Author Amit Chaudhuri, who has been in Kolkata since the lockdown started, has collaborated with a Gariahat sign maker, Soumya Chakraborty, and his daughter, Piu, to make some innovative sign boards. He calls these road signs. What makes these special is that the sign boards have lines from poet Philip Larkin’s observations made in his interviews. Amit has replaced the usual road sign phrases such as, ‘Haste makes waste’, ‘Cleanliness is next to godliness’ etc with those from Larkin and others.
“I had originally made 17 such signs as part of an exhibition that took place in Harrington Street in 2018 and in London in 2019. There are three parts to the exhibition, called The Sweet Shop Owners of Calcutta and Other Ideas. In the first part, I collected photographs of Kolkata’s sweet shop owners of the 19th or early 20th century. I am always amused by the mystery that they all look similar to the great men of Bengal of that time. So, it was open to people at the exhibition to confront the mystery. The second was Unusable Gifts. I collected all my gifts that I never used. I once told my wife about a sensor lamp we were gifted, ‘This we will never use. I will send it to an exhibition’. The third element was the road signs, which I got specially made with a line in my head or ones from literature or philosophy,” the author shared.

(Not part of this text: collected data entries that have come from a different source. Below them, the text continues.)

lemma cyclic_difference_solvable:
  fixes f :: "nat \<Rightarrow> int"
  assumes "coprime r a" "a < r" "(\<Sum>i<r. f i) = 0"
  shows "\<exists>x. x 0 = c \<and> (\<forall>i<r. x i = x ((i + r - a) mod r) + f i)"
proof -
  have r0: "0 < r"
    using assms(2) by simp
  obtain b where b: "[a * b = 1] (mod r)"
    using cong_solve_coprime_nat[of a r] assms(1) by (auto simp: coprime_commute)
  define x where "x i = c + (\<Sum>t < (i * b) mod r. f ((Suc t * a) mod r))" for i
  have full_period: "(\<Sum>t<r. f ((Suc t * a) mod r)) = 0"
    using sum_mod_affine_reindex[OF r0, of a f a] assms(1,3) by (simp add: coprime_commute add.commute)
  have "x i = x ((i + r - a) mod r) + f i" if "i < r" for i
  proof -
    define j where "j = (i + r - a) mod r"
    define n where "n = (i * b) mod r"
    define m where "m = (j * b) mod r"
    have "m < r" "n < r"
      unfolding m_def n_def using r0 by simp_all
    have na: "(n * a) mod r = i"
      unfolding n_def using mod_mult_inverse_cancel[OF b that] .
    have "(m * a) mod r = j"
      unfolding m_def using mod_mult_inverse_cancel[OF b, of j] r0 by (simp add: j_def)
    then have "(Suc m * a) mod r = (j + a) mod r"
      using mod_add_left_eq[of "m * a" r a] by (simp add: add.commute)
    also have "\<dots> = (i + r) mod r"
      unfolding j_def using assms(2) by (simp add: mod_add_left_eq)
    also have "\<dots> = (n * a) mod r"
      using na that by simp
    finally have "[Suc m * a = n * a] (mod r)"
      by (simp add: cong_def)
    then have "[Suc m = n] (mod r)"
      using assms(1) cong_mult_rcancel_nat coprime_commute by blast
    then have mn: "Suc m mod r = n"
      using \<open>n < r\<close> by (simp add: cong_def)
    show ?thesis
    proof (cases "n = 0")
      case False
      then have "Suc m \<noteq> r"
        using mn by auto
      then have "n = Suc m"
        using mn \<open>m < r\<close> by simp
      then show ?thesis
        using na unfolding x_def j_def m_def n_def by simp
    next
      case True
      have "Suc m = r"
        using mn \<open>m < r\<close> True by (metis Suc_lessI mod_less nat.distinct(1))
      have "i = 0"
        using na True by simp
      have last: "f ((Suc m * a) mod r) = f 0"
        using \<open>Suc m = r\<close> by simp
      have "0 = (\<Sum>t<Suc m. f ((Suc t * a) mod r))"
        using full_period \<open>Suc m = r\<close> by simp
      also have "\<dots> = (\<Sum>t<m. f ((Suc t * a) mod r)) + f 0"
        by (simp only: sum.lessThan_Suc last)
      finally have "x j = c - f 0"
        unfolding x_def m_def[symmetric] by simp
      then show ?thesis
        using \<open>i = 0\<close> unfolding x_def j_def by simp
    qed
  qed
  moreover have "x 0 = c"
    unfolding x_def by simp
  ultimately show ?thesis
    by blast
qed

definition X_spec :: "nat \<Rightarrow> nat \<Rightarrow> (nat \<Rightarrow> divisor) \<Rightarrow> bool" where
  "X_spec r a X \<longleftrightarrow> X 0 = E1div
      \<and> (\<forall>i<r. \<forall>\<rho>. X i \<rho> + Zdiv r a ((i + 1) mod r) \<rho> = Zdiv r a i \<rho> + X ((i + r - a) mod r) \<rho>)
      \<and> (\<forall>i\<ge>r. X i = (\<lambda>_. 0))"

lemma X_spec_unique:
  assumes "admissible r a" "X_spec r a X" "X_spec r a Y"
  shows "X = Y"
proof (intro ext)
  fix i \<rho>
  have r: "a < r" "coprime r a"
    using assms(1) by (auto simp: admissible_def)
  have "X j \<rho> - X ((j + r - a) mod r) \<rho> = Y j \<rho> - Y ((j + r - a) mod r) \<rho>" if "j < r" for j
  proof -
    have "X j \<rho> + Zdiv r a ((j + 1) mod r) \<rho> = Zdiv r a j \<rho> + X ((j + r - a) mod r) \<rho>"
      "Y j \<rho> + Zdiv r a ((j + 1) mod r) \<rho> = Zdiv r a j \<rho> + Y ((j + r - a) mod r) \<rho>"
      using assms(2,3) that unfolding X_spec_def by blast+
    then show ?thesis
      by linarith
  qed
  moreover have "X 0 \<rho> = Y 0 \<rho>" "\<not> i < r \<Longrightarrow> X i \<rho> = Y i \<rho>"
    using assms(2,3) by (simp_all add: X_spec_def)
  ultimately show "X i \<rho> = Y i \<rho>"
    using cyclic_difference_unique[OF r(2,1), of "\<lambda>i. X i \<rho>" "\<lambda>i. Y i \<rho>" i] by blast
qed

lemma X_spec_exists:
  assumes "admissible r a"
  shows "\<exists>X. X_spec r a X"
proof -
  have r: "0 < r" "a < r" "coprime r a"
    using assms by (auto simp: admissible_def)
  define f where "f \<rho> i = Zdiv r a i \<rho> - Zdiv r a ((i + 1) mod r) \<rho>" for \<rho> i
  have "(\<Sum>i<r. f \<rho> i) = 0" for \<rho>
    using sum_mod_affine_reindex[OF r(1), of 1 "\<lambda>j. Zdiv r a j \<rho>" 1]
    by (simp add: f_def sum_subtractf)
  then have "\<forall>\<rho>. \<exists>x. x 0 = E1div \<rho> \<and> (\<forall>i<r. x i = x ((i + r - a) mod r) + f \<rho> i)"
    using cyclic_difference_solvable[OF r(3,2)] by blast
  then obtain x where x: "\<And>\<rho>. x \<rho> 0 = E1div \<rho>"
    "\<And>\<rho> i. i < r \<Longrightarrow> x \<rho> i = x \<rho> ((i + r - a) mod r) + f \<rho> i"
    by metis
  define X where "X i \<rho> = (if i < r then x \<rho> i else 0)" for i \<rho>
  have "X 0 = E1div"
    using x(1) r(1) by (simp add: X_def fun_eq_iff)
  moreover have "X i \<rho> + Zdiv r a ((i + 1) mod r) \<rho> = Zdiv r a i \<rho> + X ((i + r - a) mod r) \<rho>"
    if "i < r" for i \<rho>
    using x(2)[OF that, of \<rho>] that r(1) by (simp add: X_def f_def)
  moreover have "X i = (\<lambda>_. 0)" if "r \<le> i" for i
    using that by (simp add: X_def fun_eq_iff)
  ultimately show ?thesis
    unfolding X_spec_def by blast
qed

lemma X_spec_Xdiv:
  assumes "admissible r a"
  shows "X_spec r a (Xdiv r a)"
proof -
  have "\<exists>!X. X_spec r a X"
    using X_spec_exists[OF assms] X_spec_unique[OF assms] by blast
  moreover have "Xdiv r a = (THE X. X_spec r a X)"
    unfolding Xdiv_def X_spec_def by simp
  ultimately show ?thesis
    by (simp add: theI')
qed

lemma Xdiv_0: "admissible r a \<Longrightarrow> Xdiv r a 0 = E1div"
  using X_spec_Xdiv by (simp add: X_spec_def)

lemma Xdiv_rec:
  "admissible r a \<Longrightarrow> i < r \<Longrightarrow>
   Xdiv r a i \<rho> + Zdiv r a ((i + 1) mod r) \<rho> = Zdiv r a i \<rho> + Xdiv r a ((i + r - a) mod r) \<rho>"
  using X_spec_Xdiv unfolding X_spec_def by blast

lemma Xdiv_eqI:
  fixes g :: "nat \<Rightarrow> int"
  assumes "admissible r a" "g 0 = E1div \<rho>"
    and "\<And>i. i < r \<Longrightarrow> g i + Zdiv r a ((i + 1) mod r) \<rho> = Zdiv r a i \<rho> + g ((i + r - a) mod r)"
    and "i < r"
  shows "Xdiv r a i \<rho> = g i"
proof (rule cyclic_difference_unique[of r a])
  show "coprime r a" "a < r"
    using assms(1) by (auto simp: admissible_def)
  show "Xdiv r a 0 \<rho> = g 0"
    using Xdiv_0[OF assms(1)] assms(2) by simp
  show "Xdiv r a j \<rho> - Xdiv r a ((j + r - a) mod r) \<rho> = g j - g ((j + r - a) mod r)" if "j < r" for j
    using Xdiv_rec[OF assms(1) that, of \<rho>] assms(3)[OF that] by simp
qed (rule assms(4))

section \<open>Restriction of the divisors to the two subfans\<close>

text \<open>The rays of the left subfan are those of \<open>\<Sigma>(r - a, aL r a)\<close> with unchanged indices; those of
  the right subfan are the rays of \<open>\<Sigma>(a, aR r a)\<close> with \<open>p_k\<close> renamed \<open>p_(r - a + k)\<close>.\<close>

abbreviation ray_shift :: "nat \<Rightarrow> nat \<Rightarrow> nat option \<Rightarrow> nat option" where
  "ray_shift r a \<equiv> map_option ((+) (r - a))"

lemma rays_iff: "\<rho> \<in> rays r \<longleftrightarrow> \<rho> = None \<or> (\<exists>k. \<rho> = Some k \<and> k \<le> r)"
  unfolding rays_def by auto

lemma mod_add_diff_self:
  fixes a r i :: nat
  assumes "a \<le> r" "i < r"
  shows "(i + r - a) mod r = (if a \<le> i then i - a else i + r - a)"
proof (cases "a \<le> i")
  case True
  then have "i + r - a = (i - a) + r"
    by simp
  then have "(i + r - a) mod r = (i - a) mod r"
    by simp
  then show ?thesis
    using True assms(2) by simp
qed (use assms in simp)

lemma Zdiv_left:
  assumes "admissible r a" "1 < r" "i < r" "\<rho> \<in> rays (r - a)"
  shows "Zdiv r a i \<rho> = (if a \<le> i then Zdiv (r - a) (aL r a) (i mod (r - a)) \<rho> else 0)"
  using assms tau_rec[OF assms(1-3)] tau_right_ge[OF assms(1-3)]
  by (cases "a \<le> i") (auto simp: rays_iff)

lemma Zdiv_right:
  assumes "admissible r a" "1 < r" "i < r" "\<rho> \<in> rays a"
  shows "Zdiv r a i (ray_shift r a \<rho>) =
     (if i < a then Zdiv a (aR r a) i \<rho> else if \<rho> = None then 0 else 1)"
proof (cases \<rho>)
  case (Some k)
  have "k \<le> a" "a < r"
    using Some assms(4) admissible_pos[OF assms(1,2)] by (simp_all add: rays_iff)
  show ?thesis
  proof (cases "i < a")
    case False
    then have "tau r a i < r - a"
      using tau_left_less[OF assms(1-3)] by simp
    then show ?thesis
      using Some False \<open>k \<le> a\<close> \<open>a < r\<close> by (simp; linarith)
  qed (use Some tau_rec[OF assms(1-3)] \<open>k \<le> a\<close> \<open>a < r\<close> in auto)
qed simp

lemma Ydiv_left:
  assumes "admissible r a" "1 < r" "j < r - a"
  shows "Ydiv r a j \<rho> = Ydiv (r - a) (aL r a) j \<rho>"
proof -
  have "a < r"
    using assms(1) by (simp add: admissible_def)
  then have "(j + aL r a) mod (r - a) = (j + a) mod (r - a)"
    using mod_add_right_eq[of j a "r - a"] aL_eq_mod[of a r] by simp
  then have "tau r a ((j + a) mod r) = tau (r - a) (aL r a) ((j + aL r a) mod (r - a))"
    using tau_rec[OF assms(1,2), of "j + a"] assms(3) by simp
  then show ?thesis
    by (cases \<rho>) simp_all
qed

lemma Ydiv_right:
  assumes "admissible r a" "1 < r" "i < a"
  shows "Ydiv r a (i + (r - a)) (ray_shift r a \<rho>) = Ydiv a (aR r a) ((i + (r - a)) mod a) \<rho>"
proof -
  have a: "0 < a" "a < r"
    using admissible_pos[OF assms(1,2)] by simp_all
  have "((i + (r - a)) mod a + aR r a) mod a = (i + a - aR r a + aR r a) mod a"
    unfolding add_diff_mod_aR[OF assms(1,2)] by (rule mod_add_left_eq)
  also have "\<dots> = i"
    using aR_less[OF assms(1,2)] assms(3) by simp
  finally have "((i + (r - a)) mod a + aR r a) mod a = i" .
  moreover have "(i + (r - a) + a) mod r = i" "tau r a i = (r - a) + tau a (aR r a) i"
    using tau_rec[OF assms(1,2), of i] assms(3) a by simp_all
  ultimately show ?thesis
    by (cases \<rho>) simp_all
qed

lemma Zdiv_top_rays:
  assumes "admissible r a" "1 < r" "i < r"
  shows "Zdiv r a i (Some 0) = 0" "Zdiv r a i (Some r) = 1"
    "Zdiv r a i (Some (r - a)) = (if a \<le> i then 1 else 0)"
  using tau_less[OF assms(1,3)] tau_left_less[OF assms] tau_right_ge[OF assms]
  by (cases "a \<le> i"; simp)+
(* Under the setup in the context, assume in addition that $S_0$ is nonsingular. Then the sines of the $L$ principal angles between $\mathcal R(F_0)$ and $\mathcal R(AW_j)$ (which equals $A\mathbb K_j(A,F_0)$ when no replacement of dependent Arnoldi vectors has occurred) are the singular values of the product $Q_j^{(21)}Q_{j-1}^{(21)}\cdots Q_1^{(21)}$.
   Context: Let $n,L\ge1$, $A\in\mathbb C^{n\times n}$, $B,X_0\in\mathbb C^{n\times L}$, $F_0=B-AX_0$, and let $F_0=V_1S_0$ be a reduced QR factorization ($V_1\in\mathbb C^{n\times L}$ with orthonormal columns, $S_0\in\mathbb C^{L\times L}$ upper triangular). Fix $j\ge1$. The block Arnoldi process (possibly with dependent basis vectors replaced by new orthonormal vectors) yields $W_k=[V_1,\dots,V_k]\in\mathbb C^{n\times kL}$ ($k\le j+1$) with orthonormal columns, $V_i\in\mathbb C^{n\times L}$, and the block Arnoldi relation $AW_j=W_{j+1}\bar H_j$, where $\bar H_j=(H_{ik})\in\mathbb C^{(j+1)L\times jL}$ has $L\times L$ blocks $H_{ik}$, is block upper Hessenberg ($H_{ik}=0$ for $i>k+1$), and each $H_{k+1,k}$ is upper triangular. For $k\le j$, $\bar H_k$ denotes the leading $(k+1)L\times kL$ submatrix of $\bar H_j$. $\mathbb K_j(A,F_0)$ is the span of all columns of $F_0,AF_0,\dots,A^{j-1}F_0$. Block QR factorization: assume $\bar H_j$ has full column rank. There are unitary matrices $\Omega_i=\begin{bmatrix}Q_i^{(11)}&Q_i^{(12)}\\Q_i^{(21)}&Q_i^{(22)}\end{bmatrix}\in\mathbb C^{2L\times 2L}$ ($i=1,\dots,j$, all four blocks $L\times L$); for $m\ge i+1$ put $Q_i^{(m)}=\mathrm{diag}(I_{(i-1)L},\Omega_i,I_{(m-i-1)L})\in\mathbb C^{mL\times mL}$ and $\bar Q_k=Q_k^{(k+1)}Q_{k-1}^{(k+1)}\cdots Q_1^{(k+1)}$. The $\Omega_i$ are chosen recursively so that $\bar Q_k\bar H_k=\begin{bmatrix}R_k\\ 0_{L\times kL}\end{bmatrix}$ with $R_k\in\mathbb C^{kL\times kL}$ upper triangular and nonsingular ($k=1,\dots,j$). Principal angles: for subspaces $\mathcal U,\mathcal W$ of $\mathbb C^n$ with $\dim\mathcal U=p\le\dim\mathcal W$ and matrices $U,W$ with orthonormal columns spanning them, the $p$ principal angles $\theta_1,\dots,\theta_p\in[0,\pi/2]$ are defined by: $\cos\theta_1,\dots,\cos\theta_p$ are the singular values of $W^*U$. $\mathcal R(\cdot)$ denotes column space. *)

theory Defs
  imports "Jordan_Normal_Form.Schur_Decomposition" "Jordan_Normal_Form.Char_Poly"
begin

definition subm :: "'a mat \<Rightarrow> nat \<Rightarrow> nat \<Rightarrow> nat \<Rightarrow> nat \<Rightarrow> 'a mat" where
  "subm M r0 c0 nr nc = mat nr nc (\<lambda>(r,c). M $$ (r0 + r, c0 + c))"

definition orthonormal_cols :: "complex mat \<Rightarrow> bool" where
  "orthonormal_cols U \<longleftrightarrow> mat_adjoint U * U = 1\<^sub>m (dim_col U)"

definition unitary_mat :: "complex mat \<Rightarrow> bool" where
  "unitary_mat U \<longleftrightarrow> mat_adjoint U * U = 1\<^sub>m (dim_col U) \<and> U * mat_adjoint U = 1\<^sub>m (dim_row U)"

definition col_space :: "complex mat \<Rightarrow> complex vec set" where
  "col_space M = {M *\<^sub>v v | v. v \<in> carrier_vec (dim_col M)}"

definition singular_values :: "complex mat \<Rightarrow> real multiset" where
  "singular_values M = image_mset (\<lambda>z. sqrt (Re z)) (proots (char_poly (mat_adjoint M * M)))"

(* principal angles between R(U) and R(W), U, W with orthonormal columns,
   dim R(U) <= dim R(W): cosines are the singular values of W^* U *)
definition principal_angles :: "complex mat \<Rightarrow> complex mat \<Rightarrow> real multiset" where
  "principal_angles U W = image_mset arccos (singular_values (mat_adjoint W * U))"

(* Q_i^{(m)} = diag(I_{(i-1)L}, Omega_i, I_{(m-i-1)L}) *)
definition embed_rot :: "nat \<Rightarrow> nat \<Rightarrow> nat \<Rightarrow> complex mat \<Rightarrow> complex mat" where
  "embed_rot L m i Om = mat (m*L) (m*L) (\<lambda>(r,c).
     if (i-1)*L \<le> r \<and> r < (i+1)*L \<and> (i-1)*L \<le> c \<and> c < (i+1)*L
     then Om $$ (r - (i-1)*L, c - (i-1)*L)
     else if r = c then 1 else 0)"

(* qprod L Om m k = Q_k^{(m)} Q_{k-1}^{(m)} ... Q_1^{(m)};  Qbar_k = qprod L Om (k+1) k *)
fun qprod :: "nat \<Rightarrow> (nat \<Rightarrow> complex mat) \<Rightarrow> nat \<Rightarrow> nat \<Rightarrow> complex mat" where
  "qprod L Om m 0 = 1\<^sub>m (m*L)"
| "qprod L Om m (Suc k) = embed_rot L m (Suc k) (Om (Suc k)) * qprod L Om m k"

definition q21 :: "nat \<Rightarrow> complex mat \<Rightarrow> complex mat" where
  "q21 L Om = subm Om L 0 L L"

fun q21prod :: "nat \<Rightarrow> (nat \<Rightarrow> complex mat) \<Rightarrow> nat \<Rightarrow> complex mat" where
  "q21prod L Om 0 = 1\<^sub>m L"
| "q21prod L Om (Suc k) = q21 L (Om (Suc k)) * q21prod L Om k"

end

theory Submission
  imports Defs
begin

text \<open>
  Let Q = Q_j^(j+1) ... Q_1^(j+1) and T = W Q^*. Since Q H = [R; 0] with R nonsingular, the first jL
  columns Z of T form an orthonormal basis of R(A W_j) = R(W H), and Z^* V_1 = K is the top jL x L block
  of the first block column [K; P] of the unitary Q. So the cosines of the principal angles are the
  singular values of K, and K^* K + P^* P = I turns their sines into the singular values of P.
  Each Omega_i mixes only block rows i and i + 1, hence by induction P = Q_j^(21) ... Q_1^(21).
\<close>

section \<open>Adjoints, column spaces and orthogonal projections\<close>

lemma mat_adjoint_alt:
  "mat_adjoint (A :: complex mat) = mat (dim_col A) (dim_row A) (\<lambda>(i, k). cnj (A $$ (k, i)))"
  unfolding mat_adjoint_def by (rule eq_matI) (auto simp: mat_of_rows_index)

lemma mat_adjoint_carrier [simp]:
  "(A :: complex mat) \<in> carrier_mat a b \<Longrightarrow> mat_adjoint A \<in> carrier_mat b a"
  by (auto simp: mat_adjoint_alt)

lemma dim_mat_adjoint [simp]:
  "dim_row (mat_adjoint (A :: complex mat)) = dim_col A"
  "dim_col (mat_adjoint (A :: complex mat)) = dim_row A"
  by (auto simp: mat_adjoint_alt)

lemma index_mat_adjoint [simp]:
  "i < dim_col (A :: complex mat) \<Longrightarrow> k < dim_row A \<Longrightarrow> mat_adjoint A $$ (i, k) = cnj (A $$ (k, i))"
  by (auto simp: mat_adjoint_alt)

lemma mat_adjoint_adjoint [simp]: "mat_adjoint (mat_adjoint (A :: complex mat)) = A"
  by (rule eq_matI) auto

lemma mat_adjoint_one [simp]: "mat_adjoint (1\<^sub>m n :: complex mat) = 1\<^sub>m n"
  by (rule eq_matI) auto

lemma mat_adjoint_mult:
  assumes "(A :: complex mat) \<in> carrier_mat a b" "B \<in> carrier_mat b c"
  shows "mat_adjoint (A * B) = mat_adjoint B * mat_adjoint A"
  using assms
  by (intro eq_matI) (auto simp: scalar_prod_def sum_conjugate[symmetric] intro!: sum.cong)

lemma index_mult_mat_sum:
  assumes "(A :: complex mat) \<in> carrier_mat p q" "B \<in> carrier_mat q s" "r < p" "c < s"
  shows "(A * B) $$ (r, c) = (\<Sum>l<q. A $$ (r, l) * B $$ (l, c))"
  using assms by (auto simp: scalar_prod_def lessThan_atLeast0 intro!: sum.cong)

lemma index_adjoint_mult_sum:
  assumes "(X :: complex mat) \<in> carrier_mat n a" "Y \<in> carrier_mat n b" "r < a" "c < b"
  shows "(mat_adjoint X * Y) $$ (r, c) = (\<Sum>i<n. cnj (X $$ (i, r)) * Y $$ (i, c))"
  using assms by (auto simp: scalar_prod_def lessThan_atLeast0 intro!: sum.cong)

lemma inner_prod_mult_mat_vec:
  assumes A: "(A :: complex mat) \<in> carrier_mat a b" and v: "v \<in> carrier_vec b" and x: "x \<in> carrier_vec a"
  shows "(A *\<^sub>v v) \<bullet>c x = v \<bullet>c (mat_adjoint A *\<^sub>v x)"
proof -
  have "(A *\<^sub>v v) \<bullet>c x = (\<Sum>i<a. (\<Sum>l<b. A $$ (i, l) * v $ l) * cnj (x $ i))"
    using A v x by (auto simp: scalar_prod_def lessThan_atLeast0 intro!: sum.cong)
  also have "\<dots> = (\<Sum>l<b. v $ l * (\<Sum>i<a. cnj (cnj (A $$ (i, l)) * x $ i)))"
    by (simp add: sum_distrib_left sum_distrib_right mult_ac sum.swap[of _ "{..<a}"])
  also have "\<dots> = v \<bullet>c (mat_adjoint A *\<^sub>v x)"
    using A v x by (auto simp: scalar_prod_def lessThan_atLeast0 sum_conjugate intro!: sum.cong)
  finally show ?thesis .
qed

lemma mult_assoc_dims:
  "dim_col (A :: complex mat) = dim_row B \<Longrightarrow> dim_col B = dim_row C \<Longrightarrow> A * B * C = A * (B * C)"
  by (rule assoc_mult_mat[of A "dim_row A" "dim_col A" B "dim_col B" C "dim_col C"]) auto

lemma orthonormal_colsD:
  "orthonormal_cols (Y :: complex mat) \<Longrightarrow> Y \<in> carrier_mat n k \<Longrightarrow> mat_adjoint Y * Y = 1\<^sub>m k"
  unfolding orthonormal_cols_def by auto

definition mat_trace :: "complex mat \<Rightarrow> complex" where
  "mat_trace A = (\<Sum>i<dim_row A. A $$ (i, i))"

lemma mat_trace_mult_comm:
  assumes "(A :: complex mat) \<in> carrier_mat a b" "B \<in> carrier_mat b a"
  shows "mat_trace (A * B) = mat_trace (B * A)"
proof -
  have "mat_trace (A * B) = (\<Sum>i<a. \<Sum>l<b. A $$ (i, l) * B $$ (l, i))"
    using assms by (auto simp: mat_trace_def scalar_prod_def lessThan_atLeast0 intro!: sum.cong)
  also have "\<dots> = (\<Sum>l<b. \<Sum>i<a. B $$ (l, i) * A $$ (i, l))"
    by (subst sum.swap) (simp add: mult_ac)
  also have "\<dots> = mat_trace (B * A)"
    using assms by (auto simp: mat_trace_def scalar_prod_def lessThan_atLeast0 intro!: sum.cong)
  finally show ?thesis .
qed

lemma dim_eq_if_adjoint_inverse:
  assumes "(G :: complex mat) \<in> carrier_mat a b" "mat_adjoint G * G = 1\<^sub>m b" "G * mat_adjoint G = 1\<^sub>m a"
  shows "a = b"
proof -
  have "mat_trace (mat_adjoint G * G) = mat_trace (G * mat_adjoint G)"
    using assms by (intro mat_trace_mult_comm) auto
  then show ?thesis
    using assms by (simp add: mat_trace_def)
qed

lemma col_mem_col_space: "(Z :: complex mat) \<in> carrier_mat n m \<Longrightarrow> c < m \<Longrightarrow> col Z c \<in> col_space Z"
  unfolding col_space_def by (intro CollectI exI[of _ "unit_vec m c"]) (auto simp: mult_mat_vec_def)

lemma orthonormal_proj_mult_vec:
  assumes Y: "(Y :: complex mat) \<in> carrier_mat n k" "orthonormal_cols Y" and x: "x \<in> col_space Y"
  shows "Y *\<^sub>v (mat_adjoint Y *\<^sub>v x) = x"
proof -
  from x obtain v where v: "v \<in> carrier_vec k" and xv: "x = Y *\<^sub>v v"
    using Y unfolding col_space_def by auto
  have "mat_adjoint Y *\<^sub>v x = (mat_adjoint Y * Y) *\<^sub>v v"
    using Y v xv by (simp add: assoc_mult_mat_vec[of _ k n _ k])
  also have "\<dots> = v"
    using orthonormal_colsD[OF Y(2,1)] v by simp
  finally show ?thesis
    using xv by simp
qed

lemma orthonormal_proj_mult:
  assumes Y: "(Y :: complex mat) \<in> carrier_mat n k" "orthonormal_cols Y"
    and Z: "Z \<in> carrier_mat n m" and sub: "col_space Z \<subseteq> col_space Y"
  shows "Y * (mat_adjoint Y * Z) = Z"
proof (rule mat_col_eqI)
  fix c assume c: "c < dim_col Z"
  have "col (Y * (mat_adjoint Y * Z)) c = Y *\<^sub>v col (mat_adjoint Y * Z) c"
    using Y Z c by (intro col_mult2[of _ n k _ m]) auto
  also have "\<dots> = Y *\<^sub>v (mat_adjoint Y *\<^sub>v col Z c)"
    using Y Z c by (subst col_mult2[of _ k n _ m]) auto
  also have "\<dots> = col Z c"
    using orthonormal_proj_mult_vec[OF Y] col_mem_col_space[OF Z] sub c Z by auto
  finally show "col (Y * (mat_adjoint Y * Z)) c = col Z c" .
qed (use Y Z in auto)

There was supposed to be another exhibition at Oxford this April, which got deferred due to the pandemic. And it is during the lockdown in India that the author thought of adding two more to the list of his creative sign boards. “They are vinyl on steel, created to my specifications by Soumya Chakraborty, a sign maker from Gariahat Market. The graphics that precede the signs are done by his daughter Piu after we discussed spacing and the size of the letters. In the midst of the lockdown, I suddenly had this idea to add to the number of such signs. This pandemic made me remember Larkin’s lines: ‘Deprivation is for me what daffodils were for Wordsworth’ and ‘I see life more as an affair of solitude diversified by company than as an affair of company diversified by solitude’,” he said.
Soumya and his daughter, Piu, have been working with the author since long. It is a different experience for them to make these specially-ordered signs than what they are usually assigned to do. “I used to work according to his approvals. It’s a different kind of work, modern in nature than writing a sign board and good work. There was a lot of cutting and pasting involved. I quite enjoyed the change,” Soumya said.
Piu, who did the graphics, is of a similar opinion too. “He had lines in both English and Bengali done and crafted for the signs. We have known him for a long time now and working with him has been good so far,” she said.